St. Teresa of Avila R.C. Church

A Brief History

St. Teresa of Avila R.C. Church is the story of America. It is the story of men and women who left the country of their birth and journeyed to a new land in search of opportunity and a better life—the founding Irish and Italian parishioners of St.

Teresa, facing intense discrimination in their adopted country, wanted a church of their own in which to worship.

In 1874, the Diocese of Brooklyn assigned the task of building St. Teresa of Avila to a young priest named Thomas McNamee, himself a newly arrived immigrant from Ireland. Under Father McNamee's stewardship, the founding parishioners would literally not only build the lower church with their own hands but also raise funds over the next fifty years to build a convent for the Sisters of St. Joseph, a residence for the Franciscan Brothers and two Catholic schools.
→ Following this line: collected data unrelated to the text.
lemma quadratic_positive_root_iff:
  fixes \<zeta> \<omega> v :: real
  assumes "\<omega> > 0" and "v > 0"
  shows "v^2 - \<zeta> * v - \<omega> / 4 = 0 \<longleftrightarrow> v = (\<zeta> + sqrt (\<zeta>^2 + \<omega>)) / 2"
proof -
  have "v^2 - \<zeta> * v - \<omega> / 4 = 0 \<longleftrightarrow> (2 * v - \<zeta>)^2 = \<zeta>^2 + \<omega>"
    by (auto simp: algebra_simps power2_eq_square)
  also have "\<dots> \<longleftrightarrow> 2 * v - \<zeta> = sqrt (\<zeta>^2 + \<omega>)"
  proof
    assume sq: "(2 * v - \<zeta>)^2 = \<zeta>^2 + \<omega>"
    have "2 * v - \<zeta> \<ge> 0"
    proof (rule ccontr)
      assume "\<not> 2 * v - \<zeta> \<ge> 0"
      then have "v * (v - \<zeta>) < 0" using \<open>v > 0\<close> by (simp add: mult_pos_neg)
      moreover have "v * (v - \<zeta>) = \<omega> / 4" using sq by (simp add: algebra_simps power2_eq_square)
      ultimately show False using \<open>\<omega> > 0\<close> by simp
    qed
    with sq show "2 * v - \<zeta> = sqrt (\<zeta>^2 + \<omega>)" by (metis real_sqrt_unique)
  next
    assume "2 * v - \<zeta> = sqrt (\<zeta>^2 + \<omega>)"
    then show "(2 * v - \<zeta>)^2 = \<zeta>^2 + \<omega>" using \<open>\<omega> > 0\<close> by (simp add: add_nonneg_pos)
  qed
  also have "\<dots> \<longleftrightarrow> v = (\<zeta> + sqrt (\<zeta>^2 + \<omega>)) / 2" by auto
  finally show ?thesis .
qed

lemma biquadratic_positive_root_iff:
  fixes a \<zeta> \<omega> u :: real
  assumes "a \<noteq> 0" and "\<omega> > 0" and "u > 0"
  shows "u^4 - a^2 * \<zeta> * u^2 - a^4 * \<omega> / 4 = 0 \<longleftrightarrow> u = \<bar>a\<bar> * sqrt ((\<zeta> + sqrt (\<zeta>^2 + \<omega>)) / 2)"
proof -
  define v where "v = u^2 / a^2"
  have u2: "u^2 = a^2 * v" using assms(1) unfolding v_def by simp
  have "v > 0" using assms unfolding v_def by simp
  have "u^4 - a^2 * \<zeta> * u^2 - a^4 * \<omega> / 4 = a^4 * (v^2 - \<zeta> * v - \<omega> / 4)"
  proof -
    have "u^4 - a^2 * \<zeta> * u^2 - a^4 * \<omega> / 4 = (u^2)^2 - a^2 * \<zeta> * u^2 - a^4 * \<omega> / 4"
      by (simp flip: power_mult)
    also have "\<dots> = a^4 * (v^2 - \<zeta> * v - \<omega> / 4)"
      unfolding u2 by (simp add: algebra_simps power2_eq_square power4_eq_xxxx)
    finally show ?thesis .
  qed
  also have "\<dots> = 0 \<longleftrightarrow> v = (\<zeta> + sqrt (\<zeta>^2 + \<omega>)) / 2"
    using quadratic_positive_root_iff[OF assms(2) \<open>v > 0\<close>] assms(1) by simp
  also have "\<dots> \<longleftrightarrow> u = \<bar>a\<bar> * sqrt ((\<zeta> + sqrt (\<zeta>^2 + \<omega>)) / 2)"
  proof -
    have "u = \<bar>a\<bar> * sqrt v"
      using u2 \<open>v > 0\<close> \<open>u > 0\<close> by (metis abs_of_pos real_sqrt_abs real_sqrt_mult)
    then show ?thesis using assms(1) by auto
  qed
  finally show ?thesis .
qed

lemma equilibrium_quartic_positive_root:
  fixes a b \<Delta> \<sigma>2 u :: real
  assumes "a \<noteq> 0" and "\<sigma>2 > 0"
  defines "\<zeta> \<equiv> (b^2 - a * \<Delta>) / a^2" and "\<omega> \<equiv> \<sigma>2 / a^2"
  defines "r \<equiv> \<bar>a\<bar> * sqrt ((\<zeta> + sqrt (\<zeta>^2 + \<omega>)) / 2)"
  shows "r > 0"
    and "u > 0 \<Longrightarrow> u^4 - (b^2 - a * \<Delta>) * u^2 - a^2 * \<sigma>2 / 4 = 0 \<longleftrightarrow> u = r"
proof -
  have "\<omega> > 0" using assms(1,2) unfolding \<omega>_def by simp
  then show "r > 0" using assms(1) add_sqrt_square_add_pos unfolding r_def by simp
  have "b^2 - a * \<Delta> = a^2 * \<zeta>" and "a^2 * \<sigma>2 = a^4 * \<omega>"
    using assms(1) unfolding \<zeta>_def \<omega>_def by (simp_all add: power4_eq_xxxx power2_eq_square)
  then show "u^4 - (b^2 - a * \<Delta>) * u^2 - a^2 * \<sigma>2 / 4 = 0 \<longleftrightarrow> u = r" if "u > 0"
    using biquadratic_positive_root_iff[OF assms(1) \<open>\<omega> > 0\<close> that] unfolding r_def by simp
qed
In 1887, the parish added a second floor to the existing church installed stained glass windows designed by the renowned Franz Mayer Studios of Munich, Germany (named by Pope Leo XIII as the company of the "Pontifical Institute of Christian Art.") Founding parishioners also raised money and built a second convent in the community for the Carmelite Nuns, an auditorium for community activities, as well as a vocational school to prepare young women for secretarial careers.

St. Teresa adheres to the mission begun by the founders as a place of worship for new immigrants. Almost a hundred years after the founding of St. Teresa of Avila, newly arriving Haitian immigrants would experience the same type of discrimination in seeking a place to worship as the church founders.

In the 1970s, St. Teresa became the first church in the United States to open its doors for worship and assistance to newly arriving Haitians.